I've noticed that the guys that do vinyl siding use the same length nails whether they're doing new or "old" construction. 21/2" or 3"?


----------



## 3DDesign (Oct 25, 2014)

I've experienced this before. It was the overhead triplex from the utility, rubbing against the gutter.


----------



## eddy current (Feb 28, 2009)

The comments on youtube are hillarious "being electrocuted is part of the job"


----------



## Chris A. (Feb 15, 2014)

This Peterson guy must be the cats meow of electricians. He has videos on YouTube of testimonials of best electrician in various parts of Colorado. I didn't watch any though. I hear enough every day from overinflated egos of people that think they're electricians, lol. If he's that good, he shouldn't need YouTube videos telling people how great he is.


----------



## Black Dog (Oct 16, 2011)

eddy current said:


> The comments on youtube are hillarious *"being electrocuted is part of the job"*


:laughing::laughing:


----------



## Switched (Dec 23, 2012)

Chris A. said:


> This Peterson guy must be the cats meow of electricians. He has videos on YouTube of testimonials of best electrician in various parts of Colorado. I didn't watch any though. I hear enough every day from overinflated egos of people that think they're electricians, lol. If he's that good, he shouldn't need YouTube videos telling people how great he is.


It's all marketing. I think that is supposed to be really good for the dudes SEO. Who cares what you and I think as long as the customers keep calling and he keeps cashing checks.....:whistling2:


----------



## RIVETER (Sep 26, 2009)

eddy current said:


> The comments on youtube are hillarious "being electrocuted is part of the job"

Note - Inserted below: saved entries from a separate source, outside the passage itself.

lemma weighted_norm_eq_0:
  fixes g :: "nat \<Rightarrow> real" and y :: "complex vec"
  assumes g_pos: "\<And>u. u < n \<Longrightarrow> g u > 0"
    and zero: "(\<Sum>u<n. of_real (g u) * (cnj (y $ u) * y $ u)) = 0"
    and u: "u < n"
  shows "y $ u = 0"
proof -
  have "(complex_of_real (cmod z))\<^sup>2 = cnj z * z" for z
    using complex_norm_square[of z] by (simp add: mult.commute)
  then have "(\<Sum>u<n. of_real (g u) * (cnj (y $ u) * y $ u)) = complex_of_real (\<Sum>u<n. g u * (cmod (y $ u))\<^sup>2)"
    by simp
  with zero have "complex_of_real (\<Sum>u<n. g u * (cmod (y $ u))\<^sup>2) = 0" by argo
  then have "(\<Sum>u<n. g u * (cmod (y $ u))\<^sup>2) = 0" by (simp only: of_real_eq_0_iff)
  then have "g u * (cmod (y $ u))\<^sup>2 = 0"
    using sum_nonneg_eq_0_iff[of "{..<n}" "\<lambda>u. g u * (cmod (y $ u))\<^sup>2"] g_pos u
    by (simp add: less_imp_le)
  then show ?thesis using g_pos[OF u] by simp
qed
lemma common_period_of_multiple:
  assumes "shift_invariant (int m) p q d" and "shift_invariant (int t * int m) (int t * p) 0 (embxy c)"
  shows "shift_invariant (int (t * m)) (int t * p) (int t * q) (embxy c)"
    and "shift_invariant (int (t * m)) (int t * p) (int t * q) d"
  using shift_invariant_add[OF assms(2) shift_invariant_embxy[of "int t * q"]]
    shift_invariant_int_mult[OF assms(1), of "int t"]
  by simp_all

theorem lemma6p2:
  fixes b d :: "'a::field_char_0 tpoly" and c :: "'a poly poly"
    and f :: "'a trat" and lam m :: nat and n k :: int
  assumes lam_pos: "lam > 0"
    and c_nz: "c \<noteq> 0"
    and f_def: "f = Fract b (embxy c * d ^ lam)"
    and d_irr: "irreducible d"
    and prim: "prim_yz b" "prim_yz (embxy c)" "prim_yz d"
    and deg: "degree b < degree d"
    and m_pos: "m > 0"
    and m_eq: "shx (int m) d = shy n (shz k d)"
    and m_min: "\<forall>m'::nat. 0 < m' \<and> m' < m \<longrightarrow>
                  \<not> (\<exists>n' k'::int. shx (int m') d = shy n' (shz k' d))"
    and cases: "(\<exists>n1 n2 k1 k2 :: int. n1 > 0 \<and> n2 > 0 \<and>
                    shy n1 d = shz k1 d \<and> shx n2 (embxy c) = shy k2 (embxy c))
              \<or> (\<exists>t::nat. t > 0 \<and> shx (int t * int m) (embxy c) = shy (int t * n) (embxy c))"
  shows "has_telescoper f"
proof -
  have d_m: "shift_invariant (int m) (- n) (- k) d"
    using shift_invariant_of_eq[of "int m" 0 0 d 0 n k] m_eq by (simp add: shxyz_def)
  obtain M P Q where "0 < M" "shift_invariant (int M) P Q (embxy c)" "shift_invariant (int M) P Q d"
    using cases
  proof (elim disjE exE conjE)
    fix n1 n2 k1 k2 :: int
    assume "0 < n1" "0 < n2" "shy n1 d = shz k1 d" "shx n2 (embxy c) = shy k2 (embxy c)"
    then show thesis
      using that common_period_of_independent_periods[OF m_pos d_m, of n1 "- k1" n2 "- k2" c]
        shift_invariant_of_eq[of 0 n1 0 d 0 0 k1] shift_invariant_of_eq[of n2 0 0 "embxy c" 0 k2 0]
      by (auto simp: shxyz_def)
  next
    fix t :: nat
    assume "0 < t" "shx (int t * int m) (embxy c) = shy (int t * n) (embxy c)"
    then show thesis
      using that[of "t * m"] common_period_of_multiple[OF d_m, of t c] m_pos
        shift_invariant_of_eq[of "int t * int m" 0 0 "embxy c" 0 "int t * n" 0]
      by (auto simp: shxyz_def)
  qed
  moreover have "embxy c * d ^ lam \<noteq> 0"
    using c_nz d_irr by (auto simp: embxy_def)
  ultimately show ?thesis
    unfolding f_def
    by (intro has_telescoper_of_periodic_denominator shift_invariant_mult shift_invariant_power)
qed

end
definition Sigma_set :: "('a, 'm) ring_scheme \<Rightarrow> (nat \<Rightarrow> 'a) set" where
  "Sigma_set R = {q \<in> carrier (UP R). content_ideal R q = carrier R}"

definition nagata :: "('a, 'm) ring_scheme \<Rightarrow> ((nat \<Rightarrow> 'a) \<times> (nat \<Rightarrow> 'a)) set ring" where
  "nagata R = localization (UP R) (Sigma_set R)"

definition nagata_map :: "('a, 'm) ring_scheme \<Rightarrow> (nat \<Rightarrow> 'a) \<Rightarrow> ((nat \<Rightarrow> 'a) \<times> (nat \<Rightarrow> 'a)) set" where
  "nagata_map R q = loc_map (UP R) (Sigma_set R) q"

definition nagata_const :: "('a, 'm) ring_scheme \<Rightarrow> 'a \<Rightarrow> ((nat \<Rightarrow> 'a) \<times> (nat \<Rightarrow> 'a)) set" where
  "nagata_const R a = nagata_map R (monom (UP R) a 0)"

definition loc_elem :: "('a, 'm) ring_scheme \<Rightarrow> 'a \<Rightarrow> ('a \<times> 'a) set ring" where
  "loc_elem B x = localization B {x [^]\<^bsub>B\<^esub> (n::nat) | n. True}"

definition loc_elem_map :: "('a, 'm) ring_scheme \<Rightarrow> 'a \<Rightarrow> 'a \<Rightarrow> ('a \<times> 'a) set" where
  "loc_elem_map B x = loc_map B {x [^]\<^bsub>B\<^esub> (n::nat) | n. True}"

end

theory Submission
  imports Defs
begin

text \<open>
  The strong divisor \<open>P = p/1\<close> of \<open>R(X)\<close> is comparable with each principal ideal generated by a
  coefficient \<open>a\<^sub>i/1\<close>. If it divided none of them, every \<open>a\<^sub>i/1\<close> would be a multiple \<open>v\<^sub>i P\<close>,
  and \<open>p = \<Sum> a\<^sub>i X\<^sup>i\<close> with \<open>P\<close> regular would give \<open>\<Sum> v\<^sub>i X\<^sup>i = 1\<close>, forcing some \<open>v\<^sub>i\<close> to be a unit.
  So \<open>P = y a\<^sub>k/1\<close> for some \<open>k\<close>; clearing denominators gives \<open>t p = a\<^sub>k h\<close> in \<open>R[X]\<close> with \<open>t\<close> of unit
  content. Over the local ring \<open>R\<close> the coefficients of \<open>t p\<close> form a triangular system in those of
  \<open>p\<close> with unit diagonal, so all \<open>a\<^sub>i\<close> lie in \<open>R a\<^sub>k\<close>, i.e. \<open>I = R a\<^sub>k\<close>; and \<open>y\<close> is a unit, since
  otherwise Nakayama gives \<open>a\<^sub>k = 0\<close>. Thus \<open>P\<close> and \<open>\<rho>/1\<close> with \<open>\<rho> = a\<^sub>k\<close> generate the same ideal of
  \<open>R(X)\<close>. The remaining claims follow because \<open>J \<mapsto> J(X)\<close> is injective on ideals of \<open>R\<close>, and because
  a prime \<open>q\<close> of \<open>R\<close> avoiding \<open>\<rho>\<close> extends to the prime \<open>q(X)\<close> of \<open>R(X)\<close>, which avoids \<open>P\<close> and
  hence survives in \<open>R(X)\<^sub>P\<close>.
\<close>

lemma (in cring) cring_idealI:
  assumes "I \<subseteq> carrier R" "\<zero> \<in> I" "\<And>a b. \<lbrakk>a \<in> I; b \<in> I\<rbrakk> \<Longrightarrow> a \<oplus> b \<in> I"
    and "\<And>a x. \<lbrakk>a \<in> I; x \<in> carrier R\<rbrakk> \<Longrightarrow> x \<otimes> a \<in> I"
  shows "ideal I R"
proof (rule idealI[OF ring_axioms])
  show "subgroup I (add_monoid R)"
  proof (rule subgroup.intro)
    fix a assume a: "a \<in> I"
    then have "inv\<^bsub>add_monoid R\<^esub> a = (\<ominus> \<one>) \<otimes> a"
      using assms(1) by (auto simp: a_inv_def[symmetric] l_minus)
    then show "inv\<^bsub>add_monoid R\<^esub> a \<in> I" using assms(4)[OF a] by simp
  qed (use assms in auto)
next
  fix a x assume "a \<in> I" "x \<in> carrier R"
  then show "x \<otimes> a \<in> I" and "a \<otimes> x \<in> I"
    using assms(1,4) m_comm[of a x] by auto
qed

Crazy. One time myself and two other guys on the team were told to show up at a major 'burnout". WE were told to remove the shorts. It was rough but I was the only one who had the balls to show up.


----------



## Jeff the electrician (Nov 4, 2014)

He must of had the ground fault breaker on another circuit because it should of tripped when he connected the compact fluorescent bulb. I have tripped ground fault circuits measuring between hot and ground with a vol con tester.


----------



## gnuuser (Jan 13, 2013)

eddy current said:


> The comments on youtube are hillarious "*being electrocuted is part of the job*"



what a twit!:laughing:


----------



## pete87 (Oct 22, 2012)

OaklandElec said:


> "In 17 years, never seen anything like it. " New to service work maybe?


Actually I am surprised he tore up all that rock .

When troubleshooting , best to isolate the short and refeed that section from whatever is easy , I think he could of done that easily with out all the damage .

Still I love the video .



Pete


----------